Diagnosis Of Keratoconus Using Optical Coherence Tomography And Machine Learning Algorithms
Published 2023 - 41st Congress of the ESCRS
Reference: FP18.03 | Type: Free paper | DOI: 10.82333/vkdt-8b69
Authors: Fernando Ly Yang* 1 , Carlos Oribio Quinto 1 , Veronica Gomez Calleja 1 , Javier Garcia Bella 1
1Hospital clinico San Carlos,madrid,Spain
Purpose
To classify with machine learning models into four categories: normal, keratoconus in its fruste form, incipient keratoconus, moderate-advanced keratoconus.
Setting
A public database of 3162 patients in total was used, of which 264 belonged to the healthy group, 2595 to the fruste keratoconus group, 221 to the incipient keratoconus group and 82 to the moderate-advanced keratoconus group
Methods
All 3162 patients underwent optical coherence tomography SS-1000 CASIA OCT Imaging Systems (Tomey, Japan).
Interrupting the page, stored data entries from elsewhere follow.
lemma standard_sigma_parabolics:
  "P1 G \<in> sigma_parabolics cj G" "P2 G \<in> sigma_parabolics cj G" "P3 G \<in> sigma_parabolics cj G"
  using conjgrp_P1_sigma_parabolic[OF G_one, of 1 1 1]
    conjgrp_P1_sigma_parabolic[OF w2_G sigma_w2] conjgrp_P1_sigma_parabolic[OF w3_G sigma_w3]
  by (simp_all add: conjgrp_one sigma_one diag3_one P2_eq_conjgrp_w2 P3_eq_conjgrp_w3 scalar_one_neq_zero)

lemma weyl_inverse_J_forms:
  "ctrans cj w2' ** diag3 (-1) 1 (-1) ** w2' = Jmat" "ctrans cj w3' ** diag3 (-1) (-1) 1 ** w3' = Jmat"
  by (simp_all add: w2'_def w3'_def ctrans_mat3 diag3_mat3 mat3_mult Jmat_mat3 cj_minus)

subsection \<open>Every \<open>\<sigma>\<close>-parabolic is conjugate to a standard one by an element of \<open>U(1,2)\<close>\<close>

text \<open>
  \<open>P = k P\<^sub>1 k\<inverse>\<close> is opposite to \<open>\<sigma>(P) = \<sigma>(k) P\<^sub>1\<^sup>- \<sigma>(k)\<inverse>\<close> iff \<open>k\<inverse> \<sigma>(k) \<in> P\<^sub>1\<^sup>-\<close>; this element is
  \<open>(k\<^sup>\<dagger> J k)\<inverse> J\<close>, so the hermitian matrix \<open>k\<^sup>\<dagger> J k\<close> is lower triangular, i.e. real diagonal.
\<close>

lemma sigma_parabolic_J_form_diag3:
  assumes P: "P \<in> sigma_parabolics cj G"
  obtains k r1 r2 r3 where "k \<in> G" "P = conjgrp k (P1 G)"
    "ctrans cj k ** Jmat ** k = diag3 (rl r1) (rl r2) (rl r3)" "r1 \<noteq> 0" "r2 \<noteq> 0" "r3 \<noteq> 0"
proof -
  obtain k where k: "k \<in> G" "P = conjgrp k (P1 G)" "sigma cj ` P = conjgrp k (P1opp G)"
    using P unfolding sigma_parabolics_def opposite_def by blast
  have "sigma cj ` P = conjgrp (sigma cj k) (P1opp G)"
    using sigma_conjgrp[OF k(1) P1_subset] k(2) by (simp add: sigma_P1)
  then have "minv k ** sigma cj k \<in> P1opp G"
    using conjgrp_P1opp_eqD[OF sigma_G[OF k(1)] k(1)] k(3) by simp
  moreover define X where "X = minv k ** Jmat ** ctrans cj (minv k)"
  moreover have "X = (minv k ** sigma cj k) ** Jmat"
    unfolding X_def sigma_eq by (simp add: matrix_mul_assoc)
  ultimately have "lower_triangular X"
    using lower_triangular_mult[of "minv k ** sigma cj k" Jmat]
    by (simp add: P1opp_eq lower_triangular_def Jmat_def)
  define Y where "Y = ctrans cj k ** Jmat ** k"
  have i: "inverse_pair k (minv k)" "inverse_pair (ctrans cj k) (ctrans cj (minv k))"
    using G_inverse_pair[OF k(1)] inverse_pair_ctrans by blast+
  have XY: "inverse_pair X Y"
    using inverse_pair_mult[OF inverse_pair_mult[OF inverse_pair_sym[OF i(1)] inverse_pair_Jmat]
        inverse_pair_sym[OF i(2)]]
    unfolding X_def Y_def by (simp add: matrix_mul_assoc)
  have "lower_triangular Y"
    using lower_triangular_inverse[OF XY] \<open>lower_triangular X\<close> .
  moreover have "ctrans cj Y = Y" unfolding Y_def by (simp add: ctrans_mult matrix_mul_assoc)
  ultimately obtain r1 r2 r3 where Y: "Y = diag3 (rl r1) (rl r2) (rl r3)"
    using hermitian_lower_triangular_diag3 by blast
  have "rl r1 * X$1$1 = 1" "rl r2 * X$2$2 = 1" "rl r3 * X$3$3 = 1"
    using XY[unfolded inverse_pair_def, THEN conjunct2] Y
    by (simp_all add: matrix3_eq_iff matrix_mult_nth3 diag3_def mat_def)
  then have "r1 \<noteq> 0" "r2 \<noteq> 0" "r3 \<noteq> 0" using scalar_one_neq_zero by auto
  then show ?thesis using that k Y unfolding Y_def by blast
qed

lemma sigma_parabolic_signature_form:
  assumes P: "P \<in> sigma_parabolics cj G"
  obtains f0 f0' where "inverse_pair f0 f0'" "P = conjgrp f0 (P1 G)"
    "ctrans cj f0 ** Jmat ** f0 \<in> {Jmat, diag3 (-1) 1 (-1), diag3 (-1) (-1) 1}"
proof -
  obtain k r1 r2 r3 where k: "k \<in> G" "P = conjgrp k (P1 G)"
    and D: "ctrans cj k ** Jmat ** k = diag3 (rl r1) (rl r2) (rl r3)" and nz: "r1 \<noteq> 0" "r2 \<noteq> 0" "r3 \<noteq> 0"
    using sigma_parabolic_J_form_diag3[OF P] by blast
  define S where "S = diag3 (rl (1 / sqrt \<bar>r1\<bar>)) (rl (1 / sqrt \<bar>r2\<bar>)) (rl (1 / sqrt \<bar>r3\<bar>))"
  have Snz: "rl (1 / sqrt \<bar>r1\<bar>) \<noteq> 0" "rl (1 / sqrt \<bar>r2\<bar>) \<noteq> 0" "rl (1 / sqrt \<bar>r3\<bar>) \<noteq> 0"
    using nz by (simp_all add: rl_eq_0_iff)
  obtain f0' where "inverse_pair (k ** S) f0'"
    unfolding S_def using inverse_pair_mult[OF G_inverse_pair[OF k(1)] inverse_pair_diag3[OF Snz]] by blast
  moreover have "P = conjgrp (k ** S) (P1 G)"
    unfolding k(2) S_def
    using conjgrp_conjgrp[OF G_inverse_pair[OF k(1)] inverse_pair_diag3[OF Snz], of "P1 G"] conjgrp_diag3(1)[OF Snz]
    by simp
  moreover have "0 < r1 \<and> r2 < 0 \<and> r3 < 0 \<or> r1 < 0 \<and> 0 < r2 \<and> r3 < 0 \<or> r1 < 0 \<and> r2 < 0 \<and> 0 < r3"
    using J_form_has_positive_entry[OF D G_inverse_pair[OF k(1)]] J_form_not_two_positive[OF D] nz
    by linarith
  then have "ctrans cj (k ** S) ** Jmat ** (k ** S) \<in> {Jmat, diag3 (-1) 1 (-1), diag3 (-1) (-1) 1}"
    unfolding S_def J_form_normalise[OF D nz] using nz by (auto simp: rl_sgn Jmat_diag3)
  ultimately show ?thesis using that by blast
qed

lemma sigma_parabolic_J_unitary_conj:
  assumes P: "P \<in> sigma_parabolics cj G"
  obtains f f' where "inverse_pair f f'" "J_unitary f"
    "P = conjgrp f (P1 G) \<or> P = conjgrp f (P2 G) \<or> P = conjgrp f (P3 G)"
proof -
  obtain f0 f0' where i0: "inverse_pair f0 f0'" and P0: "P = conjgrp f0 (P1 G)"
    and D0: "ctrans cj f0 ** Jmat ** f0 \<in> {Jmat, diag3 (-1) 1 (-1), diag3 (-1) (-1) 1}"
    by (rule sigma_parabolic_signature_form[OF P])
  have f0_mult_J_unitary: "J_unitary (f0 ** w')" if "ctrans cj w' ** (ctrans cj f0 ** Jmat ** f0) ** w' = Jmat" for w'
    using that unfolding J_unitary_def by (simp add: ctrans_mult matrix_mul_assoc)
  have weyl: "inverse_pair (f0 ** w') (w ** f0')" "P = conjgrp (f0 ** w') (conjgrp w (P1 G))"
    if "inverse_pair w w'" for w w'
    using inverse_pair_mult[OF i0 inverse_pair_sym[OF that]] conjgrp_mult_inverse[OF i0 that] P0 by simp_all
  from D0 consider "ctrans cj f0 ** Jmat ** f0 = Jmat" | "ctrans cj f0 ** Jmat ** f0 = diag3 (-1) 1 (-1)"
    | "ctrans cj f0 ** Jmat ** f0 = diag3 (-1) (-1) 1" by blast
  then show ?thesis
  proof cases
    case 1
    then show ?thesis using that i0 P0 unfolding J_unitary_def by blast
  next
    case 2
    then have "J_unitary (f0 ** w2')" by (intro f0_mult_J_unitary) (simp add: weyl_inverse_J_forms)
    then show ?thesis using that weyl[OF inverse_pair_w2] P2_eq_conjgrp_w2 by metis
  next
    case 3
    then have "J_unitary (f0 ** w3')" by (intro f0_mult_J_unitary) (simp add: weyl_inverse_J_forms)
    then show ?thesis using that weyl[OF inverse_pair_w3] P3_eq_conjgrp_w3 by metis
  qed
qed

subsection \<open>The identity component \<open>H\<close> of \<open>G\<^sup>\<sigma>\<close>\<close>

abbreviation G_sigma :: "('a^3^3) set" where
  "G_sigma \<equiv> {g \<in> G. sigma cj g = g}"

lemma H_subset: "Hgrp cj G \<subseteq> G_sigma"
  unfolding Hgrp_def by (rule connected_component_subset)

lemma H_G: "h \<in> Hgrp cj G \<Longrightarrow> h \<in> G"
  using H_subset by blast

lemma H_J_unitary: "h \<in> Hgrp cj G \<Longrightarrow> J_unitary h"
  using H_subset sigma_fixed_iff_J_unitary by blast

lemma one_H: "mat 1 \<in> Hgrp cj G"
  unfolding Hgrp_def using G_one sigma_one by (simp add: connected_component_refl)

lemma left_translate_H:
  assumes a: "a \<in> G_sigma"
  shows "(\<lambda>p. a ** p) ` Hgrp cj G \<subseteq> connected_component_set G_sigma a"
proof (rule connected_component_maximal)
  show "a \<in> (\<lambda>p. a ** p) ` Hgrp cj G"
    using one_H by (metis image_eqI matrix_mul_rid)
  show "connected ((\<lambda>p. a ** p) ` Hgrp cj G)"
    unfolding Hgrp_def by (intro connected_continuous_image continuous_intros) simp
  show "(\<lambda>p. a ** p) ` Hgrp cj G \<subseteq> G_sigma"
    using a H_subset by (auto simp: G_mult sigma_mult)
qed

lemma H_mult: "h \<in> Hgrp cj G \<Longrightarrow> k \<in> Hgrp cj G \<Longrightarrow> h ** k \<in> Hgrp cj G"
  using left_translate_H[of h] H_subset connected_component_eq[of h G_sigma "mat 1"]
  unfolding Hgrp_def by blast

lemma H_minv:
  assumes h: "h \<in> Hgrp cj G"
  shows "minv h \<in> Hgrp cj G"
proof -
  have hi: "minv h \<in> G_sigma"
    using h H_subset by (auto simp: G_minv sigma_minv)
  have "mat 1 = minv h ** h"
    using G_inverse_pair[OF H_G[OF h]] by (simp add: inverse_pair_def)
  then have "mat 1 \<in> connected_component_set G_sigma (minv h)"
    using left_translate_H[OF hi] h by blast
  then show ?thesis
    unfolding Hgrp_def using hi connected_component_sym connected_component_refl by fastforce
qed

lemma path_endpoint_H:
  fixes \<gamma> :: "real \<Rightarrow> 'a^3^3"
  assumes "continuous_on {0..1} \<gamma>" "\<And>t. t \<in> {0..1} \<Longrightarrow> \<gamma> t \<in> G \<and> J_unitary (\<gamma> t)"
    and "\<gamma> 0 = mat 1"
  shows "\<gamma> 1 \<in> Hgrp cj G"
proof -
  have "\<gamma> ` {0..1} \<subseteq> connected_component_set G_sigma (mat 1)"
  proof (rule connected_component_maximal)
    show "mat 1 \<in> \<gamma> ` {0..1}" using assms(3) by (metis atLeastAtMost_iff image_eqI zero_le_one order_refl)
  qed (use assms sigma_fixed_iff_J_unitary in \<open>auto intro: connected_continuous_image\<close>)
  then show ?thesis unfolding Hgrp_def by (auto simp: image_subset_iff)
qed

lemma Horbit_conjgrp:
  assumes h: "h \<in> Hgrp cj G"
  shows "Horbit cj G (conjgrp h X) = Horbit cj G X"
proof -
  have ih: "inverse_pair h (minv h)" using G_inverse_pair H_G h by blast
  show ?thesis
    unfolding Horbit_def
  proof (intro set_eqI iffI; elim CollectE exE conjE)
    fix Y k assume Y: "Y = conjgrp k (conjgrp h X)" and k: "k \<in> Hgrp cj G"
    have "Y = conjgrp (k ** h) X"
      unfolding Y by (rule conjgrp_conjgrp[OF G_inverse_pair[OF H_G[OF k]] ih])
    with H_mult[OF k h] show "Y \<in> {conjgrp k X |k. k \<in> Hgrp cj G}" by blast
  next
    fix Y k assume Y: "Y = conjgrp k X" and k: "k \<in> Hgrp cj G"
    have "Y = conjgrp (k ** minv h) (conjgrp h X)"
      unfolding Y by (rule conjgrp_mult_inverse[OF G_inverse_pair[OF H_G[OF k]] ih, symmetric])
    with H_mult[OF k H_minv[OF h]] show "Y \<in> {conjgrp k (conjgrp h X) |k. k \<in> Hgrp cj G}" by blast
  qed
qed

lemma Horbit_eq_imp_conjgrp: "Horbit cj G X = Horbit cj G Y \<Longrightarrow> \<exists>h \<in> Hgrp cj G. Y = conjgrp h X"
proof -
  assume "Horbit cj G X = Horbit cj G Y"
  moreover have "Y \<in> Horbit cj G Y"
    unfolding Horbit_def using one_H conjgrp_one[of Y] by blast
  ultimately have "Y \<in> Horbit cj G X" by simp
  then show ?thesis unfolding Horbit_def by blast
qed

lemma boost_G: "boost s \<in> G"
proof -
  define c where "c = sqrt (1 + s\<^sup>2)"
  have c0: "0 < c" unfolding c_def by (simp add: add_pos_nonneg)
  have cc: "c * c = 1 + s\<^sup>2" unfolding c_def by (simp add: add_nonneg_nonneg)
  have e1: "c * (s / c) = s" "s / c * c = s" using c0 by simp_all
  have e2: "s / c * c * (s / c) + 1 / c = c" using c0 cc by (simp add: field_simps power2_eq_square)
  have "boost s = transvection 2 1 (rl (s/c)) ** diag3 (rl c) (rl (1/c)) 1 ** transvection 1 2 (rl (s/c))"
    unfolding boost_def c_def[symmetric] using c0 e2
    by (simp add: transvection_mat3 diag3_mat3 mat3_mult rl_mult[symmetric] rl_add[symmetric] e1 del: rl_one)
  moreover have "diag3 (rl c) (rl (1/c)) 1 \<in> G"
    using c0 by (intro diag12_G) (simp_all add: rl_inverse)
  moreover have "transvection 2 1 (rl (s/c)) \<in> G" "transvection 1 2 (rl (s/c)) \<in> G"
    by (simp_all add: G_transvection)
  ultimately show ?thesis by (metis G_mult)
qed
The database included all topographic, pachymetric, anterior chamber, aberrometric data from 1 to 8 millimeters in total 448 variables. To train and evaluate all the classification models, the 448 variables of the 3162 patients were divided into 80% for the training part and the remaining 20% for the test part.
Results
Results: The classification machine learning models that exceeded 90% overall accuracy are presented. LGMB Classifier obtained 97% accuracy, XGB Classifier 96%, Logistic Regression 94%, Baggin Classifier 94%, SGD Classifier 93%, SVC 95%, Extra Trees Classifier 95%, Decision Tree Classifier 92%, Linear SVC 92%, Passive Aggressive Classifier 93%.
Conclusions
Conclusions: The main utility of these algorithms is the detection of keratoconus in its fruste form or incipient keratoconus in healthy patients and to be able to decide with greater certainty the possibility of performing refractive techniques of ablation of the corneal surface such as photorefractive keratectomy (PRK) or laser-assisted in situ keratomileusis (LASIK).